## [INFORMATION SHOWN]
(* Let $S$ be a memory system satisfying the Causality and Data Independence assumptions, let $n,m\ge1$, let $\Omega$ be the simple witness for $S(n,m)$, and let $1\le k\le\min\{n,m\}$. Then there is an unambiguous trace $\tau$ of $S(n,m)$ such that $G(\Omega)(\tau)$ has a canonical $k$-nice cycle if and only if there is a trace $\tau'$ of $S(n,m,2)$ such that $\tau'\in Constrain_k(j)$ for all $1\le j\le m$ and $\tau'\in Check_k(i)$ for all $1\le i\le k$.
   Context: Notation: $\mathbb{N}_n=\{1,\dots,n\}$, $\mathbb{W}_n=\{0,\dots,n\}$, $\mathbb{W}=\{0,1,2,\dots\}$. Memory events $E(n,m,v)=\{R,W\}\times\mathbb{N}_n\times\mathbb{N}_m\times\mathbb{W}_v$; for $e=\langle a,b,c,d\rangle$, $op(e)=a$, $proc(e)=b$, $loc(e)=c$, $data(e)=d$; $0$ models the initial value of every location. A memory system is a family $S=(S(n,m,v))_{n,m,v\ge1}$, $S(n,m,v)$ a regular set of finite runs over an alphabet $E^a(n,m,v)\supseteq E(n,m,v)$ (other letters are internal events); $S(n,m)=\bigcup_{v\ge1}S(n,m,v)$. The trace of a run is its subsequence of memory events; traces of $S(n,m,v)$ (resp. $S(n,m)$) are traces of its runs. For a sequence $\tau$ of memory events with positions $1,\dots,|\tau|$: $P(\tau,i)=\{k: proc(\tau(k))=i\}$, $L(\tau,j)=\{k: loc(\tau(k))=j\}$, $L^w(\tau,j)$, $L^r(\tau,j)$ the write/read positions in $L(\tau,j)$, $M(\tau,i)=\{\langle u,v\rangle: u,v\in P(\tau,i), u<v\}$. $\tau$ is unambiguous if for every $j$ and $x\in L^w(\tau,j)$, $data(\tau(x))\ne0$ and $data(\tau(x))\ne data(\tau(y))$ for all $y\in L^w(\tau,j)\setminus\{x\}$. Causality: for all $n,m,v$, every trace $\tau$ of $S(n,m,v)$, every $j$ and $x\in L^r(\tau,j)$, either $data(\tau(x))=0$ or some $y\in L^w(\tau,j)$ has $data(\tau(y))=data(\tau(x))$. Data Independence: with renaming functions $\lambda:\mathbb{N}_m\times\mathbb{W}\to\mathbb{W}$, $\lambda(j,0)=0$, and $\lambda^d(\langle a,b,c,d\rangle)=\langle a,b,c,\lambda(c,d)\rangle$ letterwise, for all $n,m,v$ and $\tau\in E(n,m,v)^*$: $\tau$ is a trace of $S(n,m,v)$ iff $\tau=\lambda^d(\tau')$ for some unambiguous trace $\tau'$ of $S(n,m)$ and renaming function $\lambda$ with values in $\mathbb{W}_v$. The simple witness $\Omega$ assigns to each trace $\tau$ and location $j$ the order $\Omega(\tau,j)=\{\langle x,y\rangle: x,y\in L^w(\tau,j), x<y\}$. For unambiguous $\tau$: $\langle x,y\rangle\in\Omega^e(\tau,j)$ (for $x,y\in L(\tau,j)$) iff (1) $data(\tau(x))=data(\tau(y))$, $op(\tau(x))=W$, $op(\tau(y))=R$; or (2) $data(\tau(x))=0\ne data(\tau(y))$; or (3) some $a,b\in L^w(\tau,j)$ have $\langle a,b\rangle\in\Omega(\tau,j)$, $data(\tau(a))=data(\tau(x))$, $data(\tau(b))=data(\tau(y))$. $G(\Omega)(\tau)$ is the directed graph on $\{1,\dots,|\tau|\}$ with edges $\bigcup_iM(\tau,i)\cup\bigcup_j\Omega^e(\tau,j)$. With $x\oplus1=x+1$ for $x<k$ and $k\oplus1=1$, a canonical $k$-nice cycle in $G(\Omega)(\tau)$ is a sequence $u_1,v_1,\dots,u_k,v_k$ of pairwise distinct vertices with $\langle u_x,v_x\rangle\in M(\tau,x)$ and $\langle v_x,u_{x\oplus1}\rangle\in\Omega^e(\tau,x\oplus1)$ for all $1\le x\le k$. Languages over $E(n,m,2)$: for $1\le j\le k$, $Constrain_k(j)$ is the set of sequences whose subsequence of write events to location $j$ (events $e$ with $op(e)=W$, $loc(e)=j$) has data-value sequence in $0^*\cup 0^*1\,2^*$ (i.e. it is accepted by the automaton with states $a$ (initial) and $b$, both accepting, that ignores all other events, loops on $a$ for data $0$, goes $a\to b$ on data $1$, loops on $b$ for data $2$, and has no other transitions). For $k<j\le m$, $Constrain_k(j)$ is the set of sequences in which every write event to location $j$ has data value $0$. For $1\le i\le k$, $Check_k(i)$ is the set of sequences $\tau$ over $E(n,m,2)$ having positions $x<y$ such that $proc(\tau(x))=i$, $loc(\tau(x))=i$, $data(\tau(x))\in\{1,2\}$, and $proc(\tau(y))=i$, $loc(\tau(y))=i\oplus1$, and either $data(\tau(y))=0$ or ($op(\tau(y))=W$ and $data(\tau(y))=1$). *)

theory Defs
  imports Main
begin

## [TASK TO COMPLETE]
Write each line of the data down again exactly as it reads.

## [RESULT]
(* Let $S$ be a memory system satisfying the Causality and Data Independence assumptions, let $n,m\ge1$, let $\Omega$ be the simple witness for $S(n,m)$, and let $1\le k\le\min\{n,m\}$. Then there is an unambiguous trace $\tau$ of $S(n,m)$ such that $G(\Omega)(\tau)$ has a canonical $k$-nice cycle if and only if there is a trace $\tau'$ of $S(n,m,2)$ such that $\tau'\in Constrain_k(j)$ for all $1\le j\le m$ and $\tau'\in Check_k(i)$ for all $1\le i\le k$.
   Context: Notation: $\mathbb{N}_n=\{1,\dots,n\}$, $\mathbb{W}_n=\{0,\dots,n\}$, $\mathbb{W}=\{0,1,2,\dots\}$. Memory events $E(n,m,v)=\{R,W\}\times\mathbb{N}_n\times\mathbb{N}_m\times\mathbb{W}_v$; for $e=\langle a,b,c,d\rangle$, $op(e)=a$, $proc(e)=b$, $loc(e)=c$, $data(e)=d$; $0$ models the initial value of every location. A memory system is a family $S=(S(n,m,v))_{n,m,v\ge1}$, $S(n,m,v)$ a regular set of finite runs over an alphabet $E^a(n,m,v)\supseteq E(n,m,v)$ (other letters are internal events); $S(n,m)=\bigcup_{v\ge1}S(n,m,v)$. The trace of a run is its subsequence of memory events; traces of $S(n,m,v)$ (resp. $S(n,m)$) are traces of its runs. For a sequence $\tau$ of memory events with positions $1,\dots,|\tau|$: $P(\tau,i)=\{k: proc(\tau(k))=i\}$, $L(\tau,j)=\{k: loc(\tau(k))=j\}$, $L^w(\tau,j)$, $L^r(\tau,j)$ the write/read positions in $L(\tau,j)$, $M(\tau,i)=\{\langle u,v\rangle: u,v\in P(\tau,i), u<v\}$. $\tau$ is unambiguous if for every $j$ and $x\in L^w(\tau,j)$, $data(\tau(x))\ne0$ and $data(\tau(x))\ne data(\tau(y))$ for all $y\in L^w(\tau,j)\setminus\{x\}$. Causality: for all $n,m,v$, every trace $\tau$ of $S(n,m,v)$, every $j$ and $x\in L^r(\tau,j)$, either $data(\tau(x))=0$ or some $y\in L^w(\tau,j)$ has $data(\tau(y))=data(\tau(x))$. Data Independence: with renaming functions $\lambda:\mathbb{N}_m\times\mathbb{W}\to\mathbb{W}$, $\lambda(j,0)=0$, and $\lambda^d(\langle a,b,c,d\rangle)=\langle a,b,c,\lambda(c,d)\rangle$ letterwise, for all $n,m,v$ and $\tau\in E(n,m,v)^*$: $\tau$ is a trace of $S(n,m,v)$ iff $\tau=\lambda^d(\tau')$ for some unambiguous trace $\tau'$ of $S(n,m)$ and renaming function $\lambda$ with values in $\mathbb{W}_v$. The simple witness $\Omega$ assigns to each trace $\tau$ and location $j$ the order $\Omega(\tau,j)=\{\langle x,y\rangle: x,y\in L^w(\tau,j), x<y\}$. For unambiguous $\tau$: $\langle x,y\rangle\in\Omega^e(\tau,j)$ (for $x,y\in L(\tau,j)$) iff (1) $data(\tau(x))=data(\tau(y))$, $op(\tau(x))=W$, $op(\tau(y))=R$; or (2) $data(\tau(x))=0\ne data(\tau(y))$; or (3) some $a,b\in L^w(\tau,j)$ have $\langle a,b\rangle\in\Omega(\tau,j)$, $data(\tau(a))=data(\tau(x))$, $data(\tau(b))=data(\tau(y))$. $G(\Omega)(\tau)$ is the directed graph on $\{1,\dots,|\tau|\}$ with edges $\bigcup_iM(\tau,i)\cup\bigcup_j\Omega^e(\tau,j)$. With $x\oplus1=x+1$ for $x<k$ and $k\oplus1=1$, a canonical $k$-nice cycle in $G(\Omega)(\tau)$ is a sequence $u_1,v_1,\dots,u_k,v_k$ of pairwise distinct vertices with $\langle u_x,v_x\rangle\in M(\tau,x)$ and $\langle v_x,u_{x\oplus1}\rangle\in\Omega^e(\tau,x\oplus1)$ for all $1\le x\le k$. Languages over $E(n,m,2)$: for $1\le j\le k$, $Constrain_k(j)$ is the set of sequences whose subsequence of write events to location $j$ (events $e$ with $op(e)=W$, $loc(e)=j$) has data-value sequence in $0^*\cup 0^*1\,2^*$ (i.e. it is accepted by the automaton with states $a$ (initial) and $b$, both accepting, that ignores all other events, loops on $a$ for data $0$, goes $a\to b$ on data $1$, loops on $b$ for data $2$, and has no other transitions). For $k<j\le m$, $Constrain_k(j)$ is the set of sequences in which every write event to location $j$ has data value $0$. For $1\le i\le k$, $Check_k(i)$ is the set of sequences $\tau$ over $E(n,m,2)$ having positions $x<y$ such that $proc(\tau(x))=i$, $loc(\tau(x))=i$, $data(\tau(x))\in\{1,2\}$, and $proc(\tau(y))=i$, $loc(\tau(y))=i\oplus1$, and either $data(\tau(y))=0$ or ($op(\tau(y))=W$ and $data(\tau(y))=1$). *)

theory Defs
  imports Main
begin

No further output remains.